Sunday, 19 February 2012

Bigger. Fatter. Gypsier. More Racist.

Originally posted on Liberal Conspiracy

I have a confession to make; when ‘My Big Fat Gypsy Wedding’ first aired as a one-off documentary two years ago, I didn’t think it was that bad.

Having been acclimatised to Daily Mail Gypsies-camped-in-my-living-room-and-ate-my-babies type hate mongering, the show was in contrast, fairly gentle.

Voyeuristic and misleading no-doubt, but I was pleased to see issues affecting the community, such as evictions and discrimination, being aired to a mainstream audience. At the very least, I thought, ‘it can’t do any harm’.
How wrong I was.

Fast forward two years and MBFGW has become a cultural phenomenon; Channel Four’s highest rated programme since Big Brother, syndicated internationally and a favourite talking point of the tabloid press. The programme makers claim that the show throws ‘an overdue light on a secretive, marginalised and little-understood segment of our society’.

Nothing could be further from the truth. Far from increasing understanding, the incredible reach of the show has succeeding in propagated a warped depiction of Travellers in the UK, objectifying an entire ethnic group for the sake of light entertainment.

The programme focuses almost exclusively on a handful of wealthy Traveller families with a penchant for extravagant celebrations. Self-sufficiency and entrepreneurship are central to Traveller culture and some families have done very well; but the vast majority of Travellers in the UK who live below the poverty line are conspicuous by their absence from the programme.

MBFGW’s characterisation of Travellers as a wealthy care-free bunch masks the fact that 20% of Britain’s caravan-dwelling Travellers are statutorily homeless; trapped in traumatic cycles of eviction. That Gypsies and Travellers have a life expectancy 10 – 12 years below the national average.

That 18% of Gypsy and Traveller mothers have experienced the death of a child, compared with less than 1% of mothers in the settled community. That 62% of adult Gypsies and Travellers are illiterate and 25% of Gypsy and Traveller children in Britain are not enrolled in education.

That a staggering 4% of the adult male prison estate is comprised of Gypsy, Traveller and Roma prisoners, many of whom have graduated from the care system. These statistics paint a grim picture of the Traveller experience in Britain; one that is a million miles from the high jinks of MBFGW.

The programmes producers claim that they merely ‘film what they see’ but this is clearly disingenuous, neglecting the power which they wield in deciding what makes the final cut. Of course commercial television is going to focus on the bizarre and titillating to secure an audience, and Travellers are not the first group to be exploited via the medium of reality TV.

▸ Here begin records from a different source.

theorem proposition1:
  fixes N :: nat and E :: "(nat \<times> nat) set" and \<alpha> eps :: real
    and Q :: "nat \<Rightarrow> int \<Rightarrow> real" and \<zeta> :: "nat \<Rightarrow> int"
  assumes "N \<ge> 2"
    and "simple_graph N E" and "connected_graph N E"
    and "0 < \<alpha>" "\<alpha> < 1" and "0 < eps" "eps < 1"
    and "\<forall>i\<in>{1..N}. \<forall>a\<in>{-1, 1}. Q i a \<in> {-1..1}"
    and "\<forall>i\<in>{1..N}. \<zeta> i \<in> {-1, 1}"
  shows "\<exists>k. measure_pmf.prob (srlod_run \<alpha> eps E k Q)
              {Q'. \<forall>i\<in>{1..N}. pref Q' i = \<zeta> i} > 0"
proof -
  \<comment> \<open>The bound on the initial Q-values is not needed.\<close>
  obtain Q' where "srlod_reach \<alpha> eps E Q Q'"
    and good: "\<And>k. k \<in> {1..N} \<Longrightarrow> good \<zeta> Q' k 1 \<and> good \<zeta> Q' k (-1)"
    using srlod_reach_good_agents[OF assms(1-7,9) order_refl] by blast
  then obtain k where "Q' \<in> set_pmf (srlod_run \<alpha> eps E k Q)"
    using srlod_reach_imp_in_run by blast
  moreover have "\<forall>i\<in>{1..N}. pref Q' i = \<zeta> i"
    using good assms(9) pref_eq_if_good by blast
  ultimately show ?thesis
    by (auto intro!: measure_pmf_posI)
qed

end
lemma \<delta>x_small:
  assumes "L0 a \<le> l"
  shows "\<delta>x l \<le> 1 / ((real a + 1) * C a)"
proof -
  have "0 < 1 / ((real a + 1) * C a)" using C_ge_1[of a] by simp
  with \<delta>x_lim have "eventually (\<lambda>l. dist (\<delta>x l) 0 < 1 / ((real a + 1) * C a)) sequentially"
    by (rule tendstoD)
  then obtain L where "\<forall>l\<ge>L. \<bar>\<delta>x l\<bar> < 1 / ((real a + 1) * C a)"
    unfolding eventually_sequentially dist_real_def by auto
  then have "\<forall>l\<ge>L. \<delta>x l \<le> 1 / ((real a + 1) * C a)"
    by (simp add: abs_less_iff less_imp_le)
  then have "\<exists>L. \<forall>l\<ge>L. \<delta>x l \<le> 1 / ((real a + 1) * C a)" ..
  then have "\<forall>l\<ge>L0 a. \<delta>x l \<le> 1 / ((real a + 1) * C a)"
    unfolding L0_def by (rule LeastI_ex)
  then show ?thesis using assms by blast
qed

end

locale lift_family = spreading_lift +
  fixes m :: nat and u :: "nat \<Rightarrow> nat set"
  assumes m_pos: "0 < m" and u_plegma: "plegma (k + d) My u m"
begin

definition t :: "nat \<Rightarrow> nat set" where
  "t j = head d (u j)"

definition pivot :: nat where
  "pivot = elt (u 0) d"

definition N :: nat where
  "N = G pivot"

definition J :: "nat \<Rightarrow> nat" where
  "J = block_index (\<lambda>j. support (t j)) m"

definition s :: "nat \<Rightarrow> nat set" where
  "s i = lift_tail Mx \<psi> d k (u (J i)) i"

definition b :: "(nat \<Rightarrow> real) \<Rightarrow> nat \<Rightarrow> real" where
  "b \<alpha> i = \<alpha> (J i) * coeffs (t (J i)) i"

lemma u_member: "j < m \<Longrightarrow> finite (u j) \<and> card (u j) = k + d \<and> u j \<subseteq> My"
  using u_plegma unfolding plegma_def by auto

lemma t_plegma: "plegma d My t m"
  unfolding t_def by (rule plegma_head[OF u_plegma m_pos]) simp
(* Every absorbing hierarchical generator $\mathcal{H}$ is linearly independent (as a set of functions on $\mathbb{R}^d$).
   Context: Fix integers $d\ge1$, $n\ge2$, $m\ge2$; $s=n-1$, $p=m-1$. B-splines $\varphi^\ell_{\vec i}(\vec x)=\prod_kQ(n^\ell x_k-i_k)$ on $\mathbb{R}^d$ for $\ell\ge0$, $\vec i\in\mathbb{Z}^d$, $Q$ the uniform B-spline of order $m$ with knots $0,\dots,m$; $\mathfrak{B}$ the set of all of them; $\mathcal{B}^0=\{\varphi^0_{\vec i}:\vec i\in[-p:0]^d\}$. Children $\mathrm{ch}(\varphi^\ell_{\vec i})=\{\varphi^{\ell+1}_{\vec k}:n\vec i\le\vec k\le n\vec i+sm\}$, extended to sets by union. Cells $I^\ell_{\vec i}=\prod_k[i_kn^{-\ell},(i_k+1)n^{-\ell})$; cell support $\mathbb{I}(\varphi^\ell_{\vec i})=\{I^\ell_{\vec k}:\vec i\le\vec k\le\vec i+p\}$ (componentwise), extended to sets by union. A lineage is a finite $\mathcal{L}\subset\mathfrak{B}$ with $\mathcal{L}\subset\mathcal{B}^0\cup\mathrm{ch}(\mathcal{L})$; its hierarchical generator is $\mathcal{H}=(\mathcal{B}^0\cup\mathrm{ch}(\mathcal{L}))\setminus\mathcal{L}$. $\mathcal{H}$ is absorbing if there is no $\varphi\in\mathcal{H}$ with $\mathbb{I}(\varphi)\subset\mathbb{I}(\mathcal{L})$. *)

theory Defs
  imports "HOL-Analysis.Analysis"
begin

text \<open>Uniform (cardinal) B-spline of order m with knots 0,...,m, via the
Cox--de Boor recursion: order 1 is the indicator of [0,1).\<close>
fun cardB :: "nat \<Rightarrow> real \<Rightarrow> real" where
  "cardB 0 x = 0"
| "cardB (Suc 0) x = (if 0 \<le> x \<and> x < 1 then 1 else 0)"
| "cardB (Suc (Suc k)) x =
     (x * cardB (Suc k) x + (real (k + 2) - x) * cardB (Suc k) (x - 1)) / real (k + 1)"

definition bspl :: "nat \<Rightarrow> nat \<Rightarrow> nat \<Rightarrow> int ^ 'd \<Rightarrow> (real ^ 'd \<Rightarrow> real)" where
  "bspl n m l i = (\<lambda>x. \<Prod>k\<in>UNIV. cardB m (real n ^ l * x $ k - of_int (i $ k)))"

definition vle :: "int ^ 'd \<Rightarrow> int ^ 'd \<Rightarrow> bool" where
  "vle a b \<longleftrightarrow> (\<forall>k. a $ k \<le> b $ k)"

definition allB :: "nat \<Rightarrow> nat \<Rightarrow> (real ^ 'd \<Rightarrow> real) set" where
  "allB n m = {bspl n m l i | l i. True}"

definition B0 :: "nat \<Rightarrow> nat \<Rightarrow> (real ^ 'd \<Rightarrow> real) set" where
  "B0 n m = {bspl n m 0 i | i. vle (\<chi> k. - int (m - 1)) i \<and> vle i (\<chi> k. 0)}"

definition ch :: "nat \<Rightarrow> nat \<Rightarrow> (real ^ 'd \<Rightarrow> real) \<Rightarrow> (real ^ 'd \<Rightarrow> real) set" where
  "ch n m phi = {bspl n m (Suc l) k | l i k. phi = bspl n m l i \<and>
      vle (\<chi> j. int n * i $ j) k \<and> vle k (\<chi> j. int n * i $ j + int ((n - 1) * m))}"

definition chS :: "nat \<Rightarrow> nat \<Rightarrow> (real ^ 'd \<Rightarrow> real) set \<Rightarrow> (real ^ 'd \<Rightarrow> real) set" where
  "chS n m S = (\<Union>phi\<in>S. ch n m phi)"
lemma trans_prob_lower_bound:
  assumes "locally_finite mu" "finite U" "\<And>x. 0 < vmeas mu x"
  shows "\<exists>p. 0 < p \<and> p < 1 \<and> (\<forall>x\<in>U. \<forall>y\<in>nbrs mu x. p \<le> trans_prob mu x y)"
proof -
  define S where "S = insert (1/2) (\<Union>x\<in>U. trans_prob mu x ` nbrs mu x)"
  have fin: "finite S"
    unfolding S_def using assms(1,2) by (simp add: finite_nbrs)
  have "0 < Min S"
    using fin assms(3) by (auto simp: Min_gr_iff S_def trans_prob_def nbrs_def adj_def)
  moreover have "Min S < 1"
    using Min_le[OF fin, of "1/2"] by (simp add: S_def)
  moreover have "Min S \<le> trans_prob mu x y" if "x \<in> U" "y \<in> nbrs mu x" for x y
    by (rule Min_le[OF fin]) (use that in \<open>auto simp: S_def\<close>)
  ultimately show ?thesis by blast
qed

lemma sum_trans_prob_le_split:
  assumes "weighted_graph mu" "locally_finite mu" "0 < vmeas mu x" "y1 \<in> nbrs mu x"
    and "h y1 \<le> c" "\<And>y. h y \<le> M"
  shows "(\<Sum>y\<in>nbrs mu x. trans_prob mu x y * h y)
    \<le> trans_prob mu x y1 * c + (1 - trans_prob mu x y1) * M"
proof -
  have fin: "finite (nbrs mu x)"
    by (rule finite_nbrs[OF assms(2)])
  have "(\<Sum>y\<in>nbrs mu x. trans_prob mu x y * h y)
      = trans_prob mu x y1 * h y1 + (\<Sum>y\<in>nbrs mu x - {y1}. trans_prob mu x y * h y)"
    by (rule sum.remove[OF fin assms(4)])
  also have "\<dots> \<le> trans_prob mu x y1 * c + (\<Sum>y\<in>nbrs mu x - {y1}. trans_prob mu x y * M)"
    using assms(1,5,6) trans_prob_nonneg by (intro add_mono mult_left_mono sum_mono) auto
  also have "(\<Sum>y\<in>nbrs mu x - {y1}. trans_prob mu x y * M) = (1 - trans_prob mu x y1) * M"
    using sum.remove[OF fin assms(4), of "trans_prob mu x"] sum_trans_prob_nbrs[OF assms(3)]
    by (simp add: sum_distrib_right[symmetric])
  finally show ?thesis .
qed

text \<open>The Lyapunov function is K (1 - p^e), where e is the graph distance to the complement of
  U and p bounds the transition probabilities from below: one step towards the complement
  (probability at least p) gains enough to pay for the worst case of all other steps.\<close>
lemma lyapunov_exists:
  assumes wg: "weighted_graph mu" and lf: "locally_finite mu" and conn: "connected_graph mu"
    and vpos: "\<And>x. 0 < vmeas mu x" and fin: "finite U" and "U \<noteq> UNIV"
  shows "\<exists>h. (\<forall>y. 0 \<le> h y) \<and> (\<forall>z\<in>U. (\<Sum>y\<in>U. trans_prob mu z y * h y) \<le> h z - 1)"
proof -
  obtain e :: "'a \<Rightarrow> nat" where e_out: "\<And>x. x \<notin> U \<Longrightarrow> e x = 0"
    and e_desc: "\<And>x. x \<in> U \<Longrightarrow> \<exists>y. adj mu x y \<and> e y < e x"
    using exit_distance_exists[OF conn \<open>U \<noteq> UNIV\<close>] by blast
  obtain p where p: "0 < p" "p < 1"
    and p_le: "\<And>x y. x \<in> U \<Longrightarrow> y \<in> nbrs mu x \<Longrightarrow> p \<le> trans_prob mu x y"
    using trans_prob_lower_bound[OF lf fin vpos] by blast
  define E where "E = Max (insert 0 (e ` U))"
  have e_le: "e x \<le> E" for x
    using e_out fin by (cases "x \<in> U") (auto simp: E_def)
  define K where "K = 1 / ((1 - p) * p ^ E)"
  define h where "h x = K * (1 - p ^ e x)" for x
  have K: "0 < K" "K * (1 - p) * p ^ E = 1"
    using p by (auto simp: K_def)
  have h_le: "h x \<le> K * (1 - p ^ n)" if "e x \<le> n" for x n
    using that p K by (auto simp: h_def intro!: mult_left_mono power_decreasing)
  have h_nonneg: "0 \<le> h x" for x
    using p K by (simp add: h_def power_le_one)
  have "(\<Sum>y\<in>U. trans_prob mu z y * h y) \<le> h z - 1" if z: "z \<in> U" for z
  proof -
    obtain y1 where y1: "y1 \<in> nbrs mu z" "e y1 < e z"
      using e_desc[OF z] by (auto simp: nbrs_def)
    define t a b where "t = trans_prob mu z y1" and "a = p ^ (e z - 1)" and "b = p ^ E"
    have "p \<le> t" "b \<le> a"
      using p_le[OF z y1(1)] p e_le[of z] by (auto simp: t_def a_def b_def intro: power_decreasing)
    then have gain: "0 \<le> K * ((t - p) * (a - b))"
      using K by simp
    have "(\<Sum>y\<in>U. trans_prob mu z y * h y) = (\<Sum>y\<in>nbrs mu z. trans_prob mu z y * h y)"
      using sum_weight_eq_sum_nbrs[OF wg lf fin, of h z] e_out
      by (simp add: sum_trans_prob_mult h_def)
    also have "\<dots> \<le> t * (K * (1 - a)) + (1 - t) * (K * (1 - b))"
      unfolding t_def a_def b_def
      by (rule sum_trans_prob_le_split[OF wg lf vpos y1(1)]) (use h_le e_le y1(2) in auto)
    also have "\<dots> = K * (1 - p * a) - K * (1 - p) * b - K * ((t - p) * (a - b))"
      by (simp add: algebra_simps)
    also have "\<dots> \<le> K * (1 - p ^ e z) - 1"
      using gain K(2) y1(2) by (simp add: a_def b_def power_Suc[symmetric])
    finally show ?thesis
      by (simp add: h_def)
  qed
  then show ?thesis
    using h_nonneg by blast
qed

lemma summable_killed_prob:
  assumes "weighted_graph mu" "locally_finite mu" "connected_graph mu"
    and "infinite (UNIV :: 'a set)" "finite (U :: 'a set)"
  shows "summable (\<lambda>n. killed_prob mu U n x y)"
proof -
  have "U \<noteq> UNIV"
    using assms(4,5) by auto
  then obtain h where "\<forall>y. 0 \<le> h y" "\<forall>z\<in>U. (\<Sum>y\<in>U. trans_prob mu z y * h y) \<le> h z - 1"
    using lyapunov_exists[OF assms(1-3) vmeas_pos[OF assms(2-4)] assms(5)] by blast
  then show ?thesis
    using summable_killed_prob_if_lyapunov[OF assms(1,5)] by blast
qed

lemma suminf_killed_prob_eq:
  assumes "y \<in> U" and sm: "\<And>z. summable (\<lambda>n. killed_prob mu U n x z)"
  shows "(\<Sum>n. killed_prob mu U n x y)
    = (if x \<in> U \<and> y = x then 1 else 0) + (\<Sum>z\<in>U. (\<Sum>n. killed_prob mu U n x z) * trans_prob mu z y)"
proof -
  have "(\<Sum>n. killed_prob mu U n x y) - killed_prob mu U 0 x y = (\<Sum>n. killed_prob mu U (Suc n) x y)"
    by (rule suminf_split_head[OF sm, symmetric])
  also have "\<dots> = (\<Sum>n. \<Sum>z\<in>U. killed_prob mu U n x z * trans_prob mu z y)"
    using assms(1) by simp
  also have "\<dots> = (\<Sum>z\<in>U. (\<Sum>n. killed_prob mu U n x z) * trans_prob mu z y)"
    using sm by (simp add: suminf_sum summable_mult2 suminf_mult2)
  finally show ?thesis
    by simp
qed

lemma green_nonneg:
  assumes "weighted_graph mu" "locally_finite mu" "connected_graph mu"
    and "infinite (UNIV :: 'a set)" "finite (U :: 'a set)"
  shows "0 \<le> green mu U x y"
  using summable_killed_prob[OF assms] killed_prob_nonneg[OF assms(1)]
  by (simp add: green_def suminf_nonneg vmeas_nonneg)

But there is something particularly distasteful about adding to the already bulging cannon of stereotypes and slurs which the Travelling community has to endure. While it may ‘cast a light’ on some frilly dresses and mammoth cakes, the programme does very little to illuminate the myriad disadvantages and injustices which the community endures.

Thursday, 2 February 2012

Anti-Traveller attitudes continue to go unchallenged in Britain

When my mother came to England in the 1950s to work as a nurse, the signs on the boarding houses said ‘No Blacks, No Irish.’ She described it as normal.
You couldn’t get away with putting up signs like that now.
That’s what I thought. Or really, what I thought was that nobody, even if they were racist, would be stupid enough to erect signs like that and attract the attention of the police.
I was wrong. And I was wrong on two counts. Firstly, because there are people stupid enough to put up the signs. Secondly, because I assumed that the police and the CPS would pursue these people under race relations legislation.
Before Christmas, I was walking up through a back street in north London when I noticed a pub that had a sign that read ‘Travellers strictly by appointment only.’
I thought it was a mistake, so the next day I went back to the pub with my colleague Joe.The signs were there alright – three of them making it clear that Travellers weren’t wanted.
Even though I’ve heard a lot of racism towards Travellers, I was surprised that in multi-cultural London a sign like that could remain in the open for some time. We took photos and reported the sign to the police, who promised they would investigate.
I went to the police station and made a long statement, stressing the seriousness of the crime. I made the point that such racist incidences prevent Travellers from getting legal work and getting on with their lives.
I stated that when there are signs like that it’s not surprising that many Travellers in prison point to discrimination in schools and society as one factor that put them on the path to offending.
I stressed that, like everybody else, Travellers have a responsibility for their own actions. But I added that whenever Travellers as a group are singled out for unfair treatment it just means this section of society feel unjustly treated. Then everybody loses.
It is in the interests of the police and society that they pursue these cases of discrimination, otherwise Travellers will rightly feel aggrieved and disconnected.
Yesterday, I received a phone call from Islington Police Station. The CPS have decided not to pursue any action against the pub.